(Dataset entries begins)

lemma fan_segment_not_arc_endpoint:
  assumes y: "y \<in> Y" and t: "0 < t" "t < u" "u \<le> 1"
  shows "\<not> arc_endpoint (fan_C Y) (fan_segment Y y u) (fan_q Y (y, t))"
proof
  assume "arc_endpoint (fan_C Y) (fan_segment Y y u) (fan_q Y (y, t))"
  then obtain \<gamma> where hm: "homeomorphic_map (top_of_set {0..1::real}) (subtopology (fan_C Y) (fan_segment Y y u)) \<gamma>"
    and \<gamma>0: "\<gamma> 0 = fan_q Y (y, t)"
    unfolding arc_endpoint_def arc_from_to_def by blast
  have ST: "fan_segment Y y u \<subseteq> topspace (fan_C Y)" using fan_segment_subset_topspace[OF y t(3)] .
  note \<gamma> = arc_parametrization[OF hm ST]
  have ray: "\<gamma> x = fan_q Y (y, fan_height (\<gamma> x))" if "x \<in> {0..1}" for x
    using fan_segment_memE(1)[OF _ y t(3)] \<gamma>(2) that by blast
  have "(fan_height \<circ> \<gamma>) ` {0..1} = fan_height ` fan_segment Y y u"
    unfolding \<gamma>(2)[symmetric] image_comp ..
  also have "\<dots> = {0..u}"
    unfolding fan_segment_def image_image using y t by (auto intro: image_cong)
  finally have "closed_segment t (fan_height (\<gamma> 1)) = {0..u}"
    using height_image_arc_in_ray[OF hm ST ray] \<gamma>0 y t by simp
  then show False using t by (auto simp: closed_segment_eq_real_ivl split: if_splits)
qed

lemma end_point_bounds_fan_segment:
  assumes e: "end_point (fan_C Y) J (fan_q Y (y, t))" and y: "y \<in> Y" "0 < t"
    and J: "fan_segment Y y u \<subseteq> J" "u \<le> 1"
  shows "u \<le> t"
proof (rule ccontr)
  assume "\<not> u \<le> t"
  then have "is_arc (fan_C Y) (fan_segment Y y u)"
    using arc_fan_segment[OF y(1) _ J(2)] y(2) unfolding is_arc_def by force
  moreover have "fan_q Y (y, t) \<in> fan_segment Y y u" using \<open>\<not> u \<le> t\<close> y by (auto intro: fan_segment_memI)
  ultimately have "arc_endpoint (fan_C Y) (fan_segment Y y u) (fan_q Y (y, t))"
    using e J(1) unfolding end_point_def by blast
  then show False using fan_segment_not_arc_endpoint[OF y] \<open>\<not> u \<le> t\<close> J(2) by simp
qed


text \<open>Near c the arc stays in the ray over y, where its height is continuous and injective
  and would have an interior maximum at c.\<close>
lemma ray_maximum_not_interior_of_arc:
  assumes hm: "homeomorphic_map (top_of_set {0..1::real}) (subtopology (fan_C Y) A) \<gamma>"
    and AT: "A \<subseteq> topspace (fan_C Y)"
    and yt: "(y, t) \<in> fan_F Y" "t > 0"
    and c: "0 < c" "c < 1" "\<gamma> c = fan_q Y (y, t)"
    and max: "\<And>s. (y, s) \<in> fan_F Y \<Longrightarrow> fan_q Y (y, s) \<in> A \<Longrightarrow> s \<le> t"
  shows False
proof -
  note \<gamma> = arc_parametrization[OF hm AT]
  define f where "f = fan_height \<circ> \<gamma>"
  have fc: "continuous_on {0..1} f" unfolding f_def by (rule continuous_on_height_arc[OF hm AT])
  have fct: "f c = t" unfolding f_def using c(3) yt(1) by simp
  obtain \<epsilon> where \<epsilon>: "\<epsilon> > 0" "\<forall>x\<in>{0..1}. dist c x < \<epsilon> \<longrightarrow> f x \<noteq> 0"
    using continuous_on_avoid[OF fc, of c 0] c fct yt(2) by auto
  define d where "d = min \<epsilon> (min c (1 - c)) / 2"
  have "0 < min \<epsilon> (min c (1 - c))" "min \<epsilon> (min c (1 - c)) \<le> \<epsilon>"
    "min \<epsilon> (min c (1 - c)) \<le> c" "min \<epsilon> (min c (1 - c)) \<le> 1 - c"
    using \<epsilon>(1) c by auto
  then have d: "0 < d" "d < \<epsilon>" "d < c" "c + d < 1" unfolding d_def by linarith+
  define I where "I = {c - d..c + d}"
  have I01: "I \<subseteq> {0..1}" using d unfolding I_def by auto
  have conn: "connectedin (fan_C Y) (\<gamma> ` I)"
    by (rule connectedin_continuous_map_image[OF \<gamma>(1)]) (use I01 in \<open>auto simp: connectedin_subtopology I_def\<close>)
  have top: "fan_top Y \<notin> \<gamma> ` I"
  proof
    assume "fan_top Y \<in> \<gamma> ` I"
    then obtain x where x: "x \<in> I" "\<gamma> x = fan_top Y" by auto
    then have "f x \<noteq> 0" using \<epsilon>(2) I01 d unfolding I_def by (auto simp: dist_real_def)
    then show False using x(2) fan_height_top[of y Y] yt(1) unfolding f_def by simp
  qed
  have cI: "c \<in> I" using d unfolding I_def by auto
  have ray: "\<gamma> x = fan_q Y (y, f x)" "f x \<le> t" if x: "x \<in> I" for x
  proof -
    obtain u where "0 < u" "u \<le> 1" "\<gamma> x = fan_q Y (y, u)"
      using connectedin_fan_C_ray[OF conn top yt(1)] c(3) cI x by blast
    moreover have "\<gamma> x \<in> A" using \<gamma>(2) I01 x by blast
    ultimately show "\<gamma> x = fan_q Y (y, f x)" "f x \<le> t" using yt max[of u] unfolding f_def by auto
  qed
  have "inj_on f I"
    unfolding f_def by (rule inj_on_height_arc_in_ray[OF \<gamma>(3) I01]) (use ray(1) in \<open>simp add: f_def\<close>)
  moreover have "continuous_on I f" using continuous_on_subset[OF fc I01] .
  ultimately have "(f (c - d) < f c \<and> f c < f (c + d)) \<or> (f (c + d) < f c \<and> f c < f (c - d))"
    using continuous_inj_imp_mono[of "c - d" c "c + d" f] d unfolding I_def by auto
  moreover have "f (c - d) \<le> t" "f (c + d) \<le> t" using ray(2) d unfolding I_def by auto
  ultimately show False using fct by auto
qed

lemma end_point_ray_maximum:
  assumes JT: "J \<subseteq> topspace (fan_C Y)" and yt: "(y, t) \<in> fan_F Y" "t > 0"
    and eJ: "fan_q Y (y, t) \<in> J"
    and max: "\<And>s. (y, s) \<in> fan_F Y \<Longrightarrow> fan_q Y (y, s) \<in> J \<Longrightarrow> s \<le> t"
  shows "end_point (fan_C Y) J (fan_q Y (y, t))"
  unfolding end_point_def
proof (intro conjI allI impI, fact eJ, elim conjE)
  fix A assume AJ: "A \<subseteq> J" and arc: "is_arc (fan_C Y) A" and eA: "fan_q Y (y, t) \<in> A"
  obtain \<gamma> a b where AT: "A \<subseteq> topspace (fan_C Y)"
    and hm: "homeomorphic_map (top_of_set {0..1::real}) (subtopology (fan_C Y) A) \<gamma>"
    and \<gamma>0: "\<gamma> 0 = a" and \<gamma>1: "\<gamma> 1 = b"
    using arc unfolding is_arc_def arc_from_to_def by blast
  obtain c where c: "c \<in> {0..1}" "\<gamma> c = fan_q Y (y, t)"
    using eA arc_parametrization(2)[OF hm AT] by (metis imageE)
  consider "c = 0" | "c = 1" | "0 < c" "c < 1" using c(1) by fastforce
  then show "arc_endpoint (fan_C Y) A (fan_q Y (y, t))"
  proof cases
    case 1
    then show ?thesis unfolding arc_endpoint_def arc_from_to_def using AT hm c \<gamma>1 by blast
  next
    case 2
    have "homeomorphic_map (top_of_set {0..1::real}) (top_of_set {0..1}) (\<lambda>x. 1 - x)"
      unfolding homeomorphic_map_maps homeomorphic_maps_def
      by (intro exI[of _ "\<lambda>x. 1 - x"]) (auto intro!: continuous_intros)
    from homeomorphic_map_compose[OF this hm]
    have "homeomorphic_map (top_of_set {0..1::real}) (subtopology (fan_C Y) A) (\<gamma> \<circ> (\<lambda>x. 1 - x))" .
    moreover have "(\<gamma> \<circ> (\<lambda>x. 1 - x)) 0 = fan_q Y (y, t)" "(\<gamma> \<circ> (\<lambda>x. 1 - x)) 1 = a"
      using c 2 \<gamma>0 by auto
    ultimately show ?thesis unfolding arc_endpoint_def arc_from_to_def using AT by blast
  next
    case 3
    then show ?thesis using ray_maximum_not_interior_of_arc[OF hm AT yt _ _ c(2)] max AJ by blast
  qed
qed

lemma closed_connected_contains_fan_segment:
  assumes Jcl: "closedin (fan_C Y) J" and Jconn: "connectedin (fan_C Y) J" and vJ: "fan_top Y \<in> J"
    and yt: "(y, t) \<in> fan_F Y" "fan_q Y (y, t) \<in> J"
  shows "fan_segment Y y t \<subseteq> J"
proof
  fix x assume "x \<in> fan_segment Y y t"
  then obtain s where s: "0 \<le> s" "s \<le> t" "x = fan_q Y (y, s)" unfolding fan_segment_def by auto
  have y: "y \<in> Y" using yt by simp
  show "x \<in> J"
  proof (rule ccontr)
    assume nJ: "x \<notin> J"
    have "s \<noteq> 0" "s \<noteq> t" using nJ vJ yt s fan_q_zero[OF y] by auto
    then have s0: "0 < s" "s < t" using s by auto
    have "continuous_map (top_of_set Y) (fan_C Y) (\<lambda>y'. fan_q Y (y', s))"
    proof -
      have "continuous_map (top_of_set Y) (top_of_set (fan_F Y)) (\<lambda>y'. (y', s))"
        using s0 yt by (auto simp: image_subset_iff intro!: continuous_on_Pair continuous_on_const continuous_on_id)
      from continuous_map_compose[OF this continuous_map_fan_q] show ?thesis by (simp add: o_def)
    qed
    then have Zcl: "closedin (top_of_set Y) {y' \<in> Y. fan_q Y (y', s) \<in> J}"
      using closedin_continuous_map_preimage[OF _ Jcl] by force
    have yZ: "y \<notin> {y' \<in> Y. fan_q Y (y', s) \<in> J}" using nJ s by simp
    obtain V where V: "openin (top_of_set Y) V" "closedin (top_of_set Y) V" "y \<in> V"
      "V \<inter> {y' \<in> Y. fan_q Y (y', s) \<in> J} = {}"
      by (rule clopen_separation[OF Zcl y yZ])
    obtain U1 U2 where U: "openin (fan_C Y) U1" "openin (fan_C Y) U2" "U1 \<inter> U2 = {}"
      "topspace (fan_C Y) - (\<lambda>y. fan_q Y (y, s)) ` V \<subseteq> U1 \<union> U2"
      "\<forall>y\<in>V. \<forall>u\<in>{s<..1}. fan_q Y (y, u) \<in> U1" "\<forall>y\<in>Y. fan_q Y (y, 0) \<in> U2"
      by (rule fan_C_split_at_height[OF V(1,2) s0(1)])
    have "J \<subseteq> U1 \<union> U2"
    proof
      fix c assume c: "c \<in> J"
      then have "c \<in> topspace (fan_C Y) - (\<lambda>y. fan_q Y (y, s)) ` V"
        using V(4) openin_subset[OF V(1)] connectedin_subset_topspace[OF Jconn] by auto
      then show "c \<in> U1 \<union> U2" using U(4) by blast
    qed
    moreover have "fan_q Y (y, t) \<in> U1" using U(5) V(3) s0 yt by auto
    moreover have "fan_top Y \<in> U2" using U(6) y fan_q_zero[OF y] by auto
    ultimately show False using connectedinD[OF Jconn U(1,2)] U(3) yt(2) vJ by blast
  qed
qed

(Dataset entries ends)

» **What to do**:
The expected answer is a copy of each line in the records that holds the word "ccontr".

» **Solution to this exercise**:
proof (rule ccontr)
  proof (rule ccontr)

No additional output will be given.